José si perde un attimo, torna con la mente a quei momenti, che si sommano alle esperienze passate. Poi riprende: “Come vigile del fuoco dovrei essere, in un certo senso, abituato ad affrontare certe situazioni, ma quel che ho provato alla vista di tanta tragedia non mi abbandona. Così come non dimentico mai la paura, che serve a far aumentare l’attenzione mentre si affronta un’operazione, ma che non si trasforma mai in panico o nella perdita del controllo rispetto a quello che dobbiamo fare”.
La sfida è arginare la dimensione emotiva con quella più propriamente professionale: “L'intervento, comunque, deve sempre mantenere una dimensione di altissima professionalità, perché si sta attivando un processo di identificazione e noi dobbiamo sempre mantenere alto l'obiettivo da raggiungere: il recupero delle salme. Ma, allo stesso tempo, è impossibile prescindere da un senso di profonda umanità. Davanti ai nostri occhi giacevano senza vita migliaia di persone avventuratesi in un viaggio incredibile, dopo aver lasciato la propria casa, le proprie radici, tutto il loro passato”.
Dalla voce spezzata di José non è difficile intuire quanto sia stato alto il carico emotivo di questa operazione. Come coordinatore della Fp vigili del fuoco siciliana, ha lavorato molto e ha negoziato ogni minimo aspetto dell’iniziativa di recupero, affinché al personale impegnato nell’Operazione Augusta 2016 fosse garantita, oltre alla sicurezza fisica e tecnica, anche e soprattutto un costante supporto psicologico, prima, durante e dopo l’intervento, da parte di altri vigili del fuoco specializzati proprio in questo specifico ambito: “Si chiama supporto dei pari”, puntualizza José.

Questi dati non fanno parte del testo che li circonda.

theorem lemma5:
  fixes g :: "nat \<Rightarrow> real" and \<beta> c :: real
  assumes g_bounds: "\<And>p. prime p \<Longrightarrow> 0 \<le> g p \<and> g p \<le> \<beta>"
    and c_pos: "c > 0"
    and liminf: "\<And>\<epsilon>. 0 < \<epsilon> \<Longrightarrow> \<epsilon> < 1 \<Longrightarrow>
       Liminf at_top (\<lambda>x::real. ereal ((\<epsilon> * ln x) powr -1 *
          (\<Sum>p\<in>{p. prime p \<and> x powr (1 - \<epsilon>) < real p \<and> real p \<le> x}.
              g p * ln (real p) / real p))) \<ge> ereal c"
  shows "\<forall>\<alpha>. 0 < \<alpha> \<and> \<alpha> < c \<longrightarrow>
    (\<exists>R. R \<subseteq> {p. prime p} \<and> infinite R \<and>
      ((\<lambda>x::real. (ln x) powr -1 *
          (\<Sum>r\<in>{r\<in>R. real r \<le> x}. g r * ln (real r) / real r)) \<longlongrightarrow> \<alpha>) at_top)"
proof (intro allI impI)
  fix \<alpha> :: real assume "0 < \<alpha> \<and> \<alpha> < c"
  then have "0 < \<alpha>" "\<alpha> < c" by auto
  define a where "a p = g p * ln (real p) / real p" for p
  have a_bounds: "0 \<le> a p \<and> a p \<le> \<beta>" if "prime p" for p
  proof -
    have "0 \<le> ln (real p)" "ln (real p) / real p \<le> 1"
      using prime_ge_1_nat[OF that] ln_le_minus_one[of "real p"] by auto
    then show ?thesis
      using g_bounds[OF that] mult_left_le[of "ln p / p" "g p"] by (auto simp: a_def)
  qed
  have weight: "eventually (\<lambda>x. \<alpha> * (1 - \<theta>) * ln x \<le> prime_weight a (x powr \<theta>) x) at_top"
    if "0 < \<theta>" "\<theta> < 1" for \<theta>
  proof -
    have "ereal \<alpha> < ereal c" using \<open>\<alpha> < c\<close> by simp
    also have "\<dots> \<le> Liminf at_top (\<lambda>x. ereal (((1 - \<theta>) * ln x) powr -1 * prime_weight a (x powr \<theta>) x))"
      using liminf[of "1 - \<theta>"] that by (simp add: prime_weight_def a_def)
    finally have "eventually (\<lambda>x. \<alpha> * (1 - \<theta>) * ln x < prime_weight a (x powr \<theta>) x) at_top"
      by (rule eventually_prime_weight_gt) (use that in simp)
    then show ?thesis by (rule eventually_mono) simp
  qed
  define R where "R = greedy_primes a \<alpha>"
  have lower: "eventually (\<lambda>x. (\<alpha> - \<delta>) * ln x \<le> (\<Sum>r\<in>{r\<in>R. real r \<le> x}. a r)) at_top"
    if "0 < \<delta>" for \<delta>
    unfolding R_def using a_bounds \<open>0 < \<alpha>\<close> that by (intro eventually_greedy_sum_ge weight) auto
  have upper: "eventually (\<lambda>x. (\<Sum>r\<in>{r\<in>R. real r \<le> x}. a r) \<le> \<alpha> * ln x + \<beta>) at_top"
    using eventually_ge_at_top[of 1]
    by eventually_elim (unfold R_def, rule greedy_sum_le[OF a_bounds], use \<open>0 < \<alpha>\<close> in auto)
  have lim: "((\<lambda>x. (\<Sum>r\<in>{r\<in>R. real r \<le> x}. a r) / ln x) \<longlongrightarrow> \<alpha>) at_top"
    using lower upper by (rule tendsto_div_ln_squeeze)
  show "\<exists>R. R \<subseteq> {p. prime p} \<and> infinite R \<and>
      ((\<lambda>x::real. (ln x) powr -1 *
          (\<Sum>r\<in>{r\<in>R. real r \<le> x}. g r * ln (real r) / real r)) \<longlongrightarrow> \<alpha>) at_top"
  proof (intro exI conjI)
    show "R \<subseteq> {p. prime p}" by (auto simp: R_def greedy_primes_def)
    show "infinite R"
      using lim \<open>0 < \<alpha>\<close> a_bounds
      by (intro infinite_if_sum_div_ln_tendsto_pos) (auto simp: R_def greedy_primes_def)
    show "((\<lambda>x. (ln x) powr -1 *
        (\<Sum>r\<in>{r\<in>R. real r \<le> x}. g r * ln (real r) / real r)) \<longlongrightarrow> \<alpha>) at_top"
      using lim by (rule Lim_transform_eventually)
        (use eventually_gt_at_top[of 1] in \<open>eventually_elim, simp add: a_def powr_minus_divide\<close>)
  qed
qed

end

“È stata un’esperienza unica, che non dimenticherò mai più – prosegue –. Me la porterò dentro e rimarrà impressa nella mia memoria, nel profondo. Vedere tutti quei bambini, tutte quelle donne con ancora il fazzoletto in testa. Tutti quegli uomini stipati nella sala macchine. Una barca di 22 metri con 900 persone a bordo. Hai idea di cosa significhi? Hai idea di come si siano potuti sentire quando hanno capito che stavano affondando? Una situazione del genere tira fuori veramente quell’istinto di sopravvivenza che noi, nella nostra comoda quotidianità, non sappiamo neanche più cosa sia. Si sono ritrovati letteralmente come dei topi in gabbia”.
È certo. José non dimenticherà più quello che ha visto in quel relitto. “Tutti – conclude – una volta nella vita dovrebbero dare anche solo un’occhiatina, non a quello che facciamo noi vigili del fuoco, ma a quello che succede a queste persone”. Un sospiro si intromette tra i tanti pensieri e le tante sensazioni che vorrebbe comunicare. “Il mondo sarebbe diverso, molto diverso. Ognuno di noi ha un cuore che batte, e loro sono persone come me e te. Hanno solo avuto la sfortuna di nascere in un posto da cui sono stati costretti a fuggire”.